=== Section Start ===
(* Let $K$ and $K'$ be two non-degenerate CMIs, with $\mathrm{can}(\mathrm{pur}(K))=(C,\langle\mathbb I_K,\mathbb I_K,P_i,1\le i\le t\rangle)$. Let $K''=R_K^{K'}$ and $\mathrm{can}(\mathrm{pur}(K''))=(C'',\langle\mathbb I_{K''},\mathbb I_{K''},P''_j,1\le j\le r\rangle)$. If $K$ implies $K'$ and $R_K^{K'}\ne(\cdot,\langle\ \rangle)$, then for any $m_1\in P''_{j_1}$ and $m_2\in P''_{j_2}$ with $1\le j_1,j_2\le r$, $j_1\ne j_2$, we have $m_1\in P_{i_1}$ and $m_2\in P_{i_2}$ for some $1\le i_1,i_2\le t$ with $i_1\ne i_2$.
   Context: Setting: $X_1,\dots,X_n$ jointly distributed discrete random variables with $H(X_i)<\infty$; distribution unspecified. $X_\alpha=(X_i,i\in\alpha)$, $X_\emptyset$ constant. A CMI is $K=(C,\langle Q_1,\dots,Q_k\rangle)$, $k\ge0$, $C\subseteq\{1,\dots,n\}$, $\langle\cdot\rangle$ an unordered multiset of subsets; valid (for a given distribution) if $\sum_iH(X_{Q_i}|X_C)-H(X_{Q_1},\dots,X_{Q_k}|X_C)=0$. Empty members may be deleted. Degenerate = valid for every distribution, written $(\cdot,\langle\ \rangle)$. "$K$ implies $K'$": for every joint distribution, if $K$ is valid then $K'$ is valid. $\mathrm{pur}(K)=(C,\langle Q_i\setminus C:Q_i\setminus C\ne\emptyset\rangle)$. For pure $K$: $\mathbb I_K$ = indices lying in at least two members of the collection if $k\ge2$, else $\emptyset$; $P_1,\dots,P_t$ the nonempty sets among $Q_i\setminus\mathbb I_K$; $\mathrm{can}(K)=(\cdot,\langle\ \rangle)$ if $k\le1$, $(C,\langle\mathbb I_K,\mathbb I_K\rangle)$ if $k\ge2,\mathbb I_K\ne\emptyset,t\le1$, $(C,\langle P_1..P_t\rangle)$ if $k\ge2,\mathbb I_K=\emptyset$, $(C,\langle\mathbb I_K,\mathbb I_K,P_1..P_t\rangle)$ if $k\ge2,\mathbb I_K\ne\emptyset,t\ge2$. For general $K$, $\mathbb I_K$ is the repeated-index set of $\mathrm{pur}(K)$; general-form notation omits the copies of $\mathbb I_K$ when empty and uses $t=0$ for $(C,\langle\mathbb I_K,\mathbb I_K\rangle)$. $R_K^{K'}$: with $\mathrm{can}(\mathrm{pur}(K'))=(C',\langle\mathbb I_{K'},\mathbb I_{K'},P'_j,1\le j\le s\rangle)$, $D=\mathbb I_{K'}\setminus\mathbb I_K$ and $T_1,\dots,T_u$ the nonempty sets among $P'_j\setminus\mathbb I_K$: $R_K^{K'}=(\cdot,\langle\ \rangle)$ if $D=\emptyset,u\le1$; $(C'\setminus\mathbb I_K,\langle T_1..T_u\rangle)$ if $D=\emptyset,u\ge2$; $(C'\setminus\mathbb I_K,\langle D,D\rangle)$ if $D\ne\emptyset,u\le1$; $(C'\setminus\mathbb I_K,\langle D,D,T_1..T_u\rangle)$ if $D\ne\emptyset,u\ge2$. *)

theory Defs
  imports "HOL-Probability.Probability"
begin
=== Section End ===
◆ **WHAT THE TASK ASKS**:
Return the data above in full, keeping each line exactly as it stands.

◆ **REPLY TO THE TASK**:
(* Let $K$ and $K'$ be two non-degenerate CMIs, with $\mathrm{can}(\mathrm{pur}(K))=(C,\langle\mathbb I_K,\mathbb I_K,P_i,1\le i\le t\rangle)$. Let $K''=R_K^{K'}$ and $\mathrm{can}(\mathrm{pur}(K''))=(C'',\langle\mathbb I_{K''},\mathbb I_{K''},P''_j,1\le j\le r\rangle)$. If $K$ implies $K'$ and $R_K^{K'}\ne(\cdot,\langle\ \rangle)$, then for any $m_1\in P''_{j_1}$ and $m_2\in P''_{j_2}$ with $1\le j_1,j_2\le r$, $j_1\ne j_2$, we have $m_1\in P_{i_1}$ and $m_2\in P_{i_2}$ for some $1\le i_1,i_2\le t$ with $i_1\ne i_2$.
   Context: Setting: $X_1,\dots,X_n$ jointly distributed discrete random variables with $H(X_i)<\infty$; distribution unspecified. $X_\alpha=(X_i,i\in\alpha)$, $X_\emptyset$ constant. A CMI is $K=(C,\langle Q_1,\dots,Q_k\rangle)$, $k\ge0$, $C\subseteq\{1,\dots,n\}$, $\langle\cdot\rangle$ an unordered multiset of subsets; valid (for a given distribution) if $\sum_iH(X_{Q_i}|X_C)-H(X_{Q_1},\dots,X_{Q_k}|X_C)=0$. Empty members may be deleted. Degenerate = valid for every distribution, written $(\cdot,\langle\ \rangle)$. "$K$ implies $K'$": for every joint distribution, if $K$ is valid then $K'$ is valid. $\mathrm{pur}(K)=(C,\langle Q_i\setminus C:Q_i\setminus C\ne\emptyset\rangle)$. For pure $K$: $\mathbb I_K$ = indices lying in at least two members of the collection if $k\ge2$, else $\emptyset$; $P_1,\dots,P_t$ the nonempty sets among $Q_i\setminus\mathbb I_K$; $\mathrm{can}(K)=(\cdot,\langle\ \rangle)$ if $k\le1$, $(C,\langle\mathbb I_K,\mathbb I_K\rangle)$ if $k\ge2,\mathbb I_K\ne\emptyset,t\le1$, $(C,\langle P_1..P_t\rangle)$ if $k\ge2,\mathbb I_K=\emptyset$, $(C,\langle\mathbb I_K,\mathbb I_K,P_1..P_t\rangle)$ if $k\ge2,\mathbb I_K\ne\emptyset,t\ge2$. For general $K$, $\mathbb I_K$ is the repeated-index set of $\mathrm{pur}(K)$; general-form notation omits the copies of $\mathbb I_K$ when empty and uses $t=0$ for $(C,\langle\mathbb I_K,\mathbb I_K\rangle)$. $R_K^{K'}$: with $\mathrm{can}(\mathrm{pur}(K'))=(C',\langle\mathbb I_{K'},\mathbb I_{K'},P'_j,1\le j\le s\rangle)$, $D=\mathbb I_{K'}\setminus\mathbb I_K$ and $T_1,\dots,T_u$ the nonempty sets among $P'_j\setminus\mathbb I_K$: $R_K^{K'}=(\cdot,\langle\ \rangle)$ if $D=\emptyset,u\le1$; $(C'\setminus\mathbb I_K,\langle T_1..T_u\rangle)$ if $D=\emptyset,u\ge2$; $(C'\setminus\mathbb I_K,\langle D,D\rangle)$ if $D\ne\emptyset,u\le1$; $(C'\setminus\mathbb I_K,\langle D,D,T_1..T_u\rangle)$ if $D\ne\emptyset,u\ge2$. *)

theory Defs
  imports "HOL-Probability.Probability"
begin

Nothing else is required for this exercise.